3.3 Come la crisi ha impattato sulle aziende e sulla professione

L’Italia è uno tra i paesi europei ad aver risentito maggiormente della crisi economica. Iniziata nel 2007 ha portato a diminuire il pil pro-capite del 11,5%, raddoppiare il tasso di disoccupazione e far crollare la produzione industriale del 24,6%. Le chiusure aziendali sono salite vertiginosamente e sono state l’effetto più devastante di questi anni, portandosi dietro tutte le conseguenze del caso legate ai soggetti e realtà attorno all’impresa stessa. La crisi ha impattato anche sulla professione del commercialista, che pur essendo anticiclica rispetto all’andamento normale del mercato, non è stata in grado di contenere la diminuzione di fatturato e dei margini. La crisi ha complicato un contesto già fragile poiché colpito da profondi mutamenti strutturali quali la globalizzazione, il processo d’integrazione europea e il mutamento tecnologico.
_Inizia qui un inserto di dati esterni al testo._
theorem proposition7:
  fixes L :: "('p::countable, 'i::finite) fm set"
    and X :: "('p, 'i) pmodel set"
    and f :: "('p, 'i) pmodel set \<Rightarrow> ('p, 'i) pmodel set"
  assumes "normal_logic L"
    and "\<forall>x\<in>X. is_pmodel x"
    and "\<forall>x\<in>X. \<forall>a\<in>L. psat x a"
    and "clean L X f"
  shows "continuous_map (stone_topology X) (stone_topology X) f"
proof -
  obtain A where A: "is_amodel A" "precondition_finite L A" "closing X A"
      "deterministic X A" "exhaustive X A"
    and fA: "\<forall>x\<in>X. \<forall>y\<in>X. f (mclass X x) = mclass X y \<longleftrightarrow> update x A \<in> mclass X y"
    using assms(4) unfolding clean_def by blast
  have closed: "x \<in> X \<Longrightarrow> update x A \<in> X" for x
    using A(3) unfolding closing_def by blast
  have models: "x \<in> X \<Longrightarrow> x \<in> logic_models L" for x
    using assms(2,3) unfolding logic_models_def is_pmodel_def psat_def by auto
  show ?thesis
  proof (rule continuous_map_stone_topologyI)
    show "x \<in> X \<Longrightarrow> f (mclass X x) = mclass X (update x A)" for x
      using fA closed[of x] unfolding mclass_def by blast
    fix a
    obtain T where "reduction L A a T"
      using reduction_exists[OF assms(1) A(2)] by blast
    then show "\<exists>B. \<forall>x\<in>X. psat (update x A) a \<longleftrightarrow> (\<exists>b\<in>B. psat x b)"
      using psat_update_iff[OF A(1,4,5)] models
      by (intro exI[of _ "(\<lambda>\<sigma>. Conj (pre A \<sigma>) (T \<sigma>)) ` Gam A"]) auto
  qed (use closed in blast)
qed

end
lemma expectation_square_plus_noise:
  fixes G :: "'a \<Rightarrow> real" and b :: "nat \<Rightarrow> real"
  assumes G_sq: "integrable M (\<lambda>w. (G w)\<^sup>2)"
    and uncorr: "\<forall>i<n. integrable M (\<lambda>w. G w * e i w) \<and> expectation (\<lambda>w. G w * e i w) = 0"
  shows "expectation (\<lambda>w. (G w + (\<Sum>i<n. b i * e i w))\<^sup>2)
         = expectation (\<lambda>w. (G w)\<^sup>2) + v * (\<Sum>i<n. (b i)\<^sup>2)"
proof -
  note ee = expectation_noise_product
  have expand: "(G w + (\<Sum>i<n. b i * e i w))\<^sup>2 = (G w)\<^sup>2 + (\<Sum>i<n. (2 * b i) * (G w * e i w))
      + (\<Sum>i<n. \<Sum>j<n. (b i * b j) * (e i w * e j w))" for w
  proof -
    have "(\<Sum>i<n. b i * e i w)\<^sup>2 = (\<Sum>i<n. \<Sum>j<n. (b i * b j) * (e i w * e j w))"
      by (simp add: power2_eq_square sum_product mult_ac)
    moreover have "2 * G w * (\<Sum>i<n. b i * e i w) = (\<Sum>i<n. (2 * b i) * (G w * e i w))"
      by (simp add: sum_distrib_left mult_ac)
    ultimately show ?thesis by (simp add: power2_sum)
  qed
  have int_cross: "integrable M (\<lambda>w. \<Sum>i<n. (2 * b i) * (G w * e i w))"
    using uncorr by auto
  have int_noise: "integrable M (\<lambda>w. \<Sum>i<n. \<Sum>j<n. (b i * b j) * (e i w * e j w))"
    using ee(1) by (intro Bochner_Integration.integrable_sum integrable_mult_right) auto
  have cross: "expectation (\<lambda>w. \<Sum>i<n. (2 * b i) * (G w * e i w)) = 0"
    using uncorr by (subst Bochner_Integration.integral_sum) auto
  have noise: "expectation (\<lambda>w. \<Sum>i<n. \<Sum>j<n. (b i * b j) * (e i w * e j w))
      = v * (\<Sum>i<n. (b i)\<^sup>2)"
  proof -
    have "expectation (\<lambda>w. \<Sum>i<n. \<Sum>j<n. (b i * b j) * (e i w * e j w))
        = (\<Sum>i<n. \<Sum>j<n. expectation (\<lambda>w. (b i * b j) * (e i w * e j w)))"
    proof (subst Bochner_Integration.integral_sum)
      show "(\<Sum>i<n. expectation (\<lambda>w. \<Sum>j<n. (b i * b j) * (e i w * e j w)))
          = (\<Sum>i<n. \<Sum>j<n. expectation (\<lambda>w. (b i * b j) * (e i w * e j w)))"
        using ee(1)
        by (intro sum.cong refl Bochner_Integration.integral_sum integrable_mult_right) auto
    qed (use ee(1) in auto)
    also have "\<dots> = (\<Sum>i<n. \<Sum>j<n. (b i * b j) * (if i = j then v else 0))"
      using ee(2) by simp
    also have "\<dots> = v * (\<Sum>i<n. (b i)\<^sup>2)"
      by (simp add: if_distrib[of "\<lambda>x. _ * x"] sum.If_cases power2_eq_square sum_distrib_left
          mult_ac)
    finally show ?thesis .
  qed
  show ?thesis
    unfolding expand using G_sq int_cross int_noise cross noise by (simp add: integral_add)
qed

end

lemma centred_gaussian_moments:
  assumes "prob_space M" and gauss: "centred_gaussian M W v"
  shows "integrable M W" and "integrable M (\<lambda>w. (W w)\<^sup>2)" and "integral\<^sup>L M W = 0"
    and "integral\<^sup>L M (\<lambda>w. (W w)\<^sup>2) = v"
proof -
  interpret prob_space M by fact
  have [measurable]: "W \<in> borel_measurable M"
    using gauss unfolding centred_gaussian_def by blast
  have "integrable M W \<and> integrable M (\<lambda>w. (W w)\<^sup>2) \<and> integral\<^sup>L M W = 0
        \<and> integral\<^sup>L M (\<lambda>w. (W w)\<^sup>2) = v"
  proof (cases "v = 0")
    case True
    then have ae: "AE w in M. W w = 0"
      using gauss unfolding centred_gaussian_def by simp
    have ae2: "AE w in M. (W w)\<^sup>2 = 0"
      using ae by eventually_elim simp
    have "integrable M W"
      by (rule integrable_cong_AE_imp[of M "\<lambda>_. 0"]) (use ae in auto)
    moreover have "integrable M (\<lambda>w. (W w)\<^sup>2)"
      by (rule integrable_cong_AE_imp[of M "\<lambda>_. 0"]) (use ae2 in auto)
    ultimately show ?thesis
      using True integral_cong_AE[of W M "\<lambda>_. 0"] integral_cong_AE[of "\<lambda>w. (W w)\<^sup>2" M "\<lambda>_. 0"]
        ae ae2 by simp
  next
    case False
    then have "v > 0" and D: "distributed M lborel W (normal_density 0 (sqrt v))"
      using gauss unfolding centred_gaussian_def by auto
    then have sd: "0 < sqrt v" by simp
    have "integrable M W"
      using distributed_integrable[OF D, of "\<lambda>x. x"]
        integrable.intros[OF normal_moment_nz_1[OF sd, of 0]] by simp
    moreover have "integrable M (\<lambda>w. (W w)\<^sup>2)"
      using distributed_integrable[OF D, of "\<lambda>x. x\<^sup>2"]
        integrable.intros[OF normal_moment_even[OF sd, of 0 1]] by simp
    moreover have "expectation W = 0"
      using normal_distributed_expectation[OF sd D] .
    moreover have "variance W = v"
      using normal_distributed_variance[OF sd D] \<open>v > 0\<close> by simp
    ultimately show ?thesis by simp
  qed
  then show "integrable M W" and "integrable M (\<lambda>w. (W w)\<^sup>2)" and "integral\<^sup>L M W = 0"
    and "integral\<^sup>L M (\<lambda>w. (W w)\<^sup>2) = v" by auto
qed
Mentre si attuavano mutamenti globali che portavano alla nascita di un nuovo paradigma produttivo, non dobbiamo dimenticare che si sono associate le difficoltà, legate alla scarsa competitività del nostro paese, che hanno indebolito il sistema produttivo determinando forti processi di ristrutturazione, spesso culminati nella chiusura di azienda e nella perdita dei posti di lavoro.

L’Istat, nel censimento dell’industria e dei servizi, ha mostrato una prevalenza di modelli di governance nel sistema produttivo italiano, caratterizzato da un elevato controllo prevalentemente familiare, un’alta concentrazione di quote di proprietà e una gestione fortemente accentrata. Oltre il 75% delle piccole imprese, il 60% delle medie e il 31% delle imprese di grandi dimensioni risultano essere controllate da una persona fisica o da una famiglia e, la presenza di un manager interno o esterno caratterizza solo il 5% delle aziende.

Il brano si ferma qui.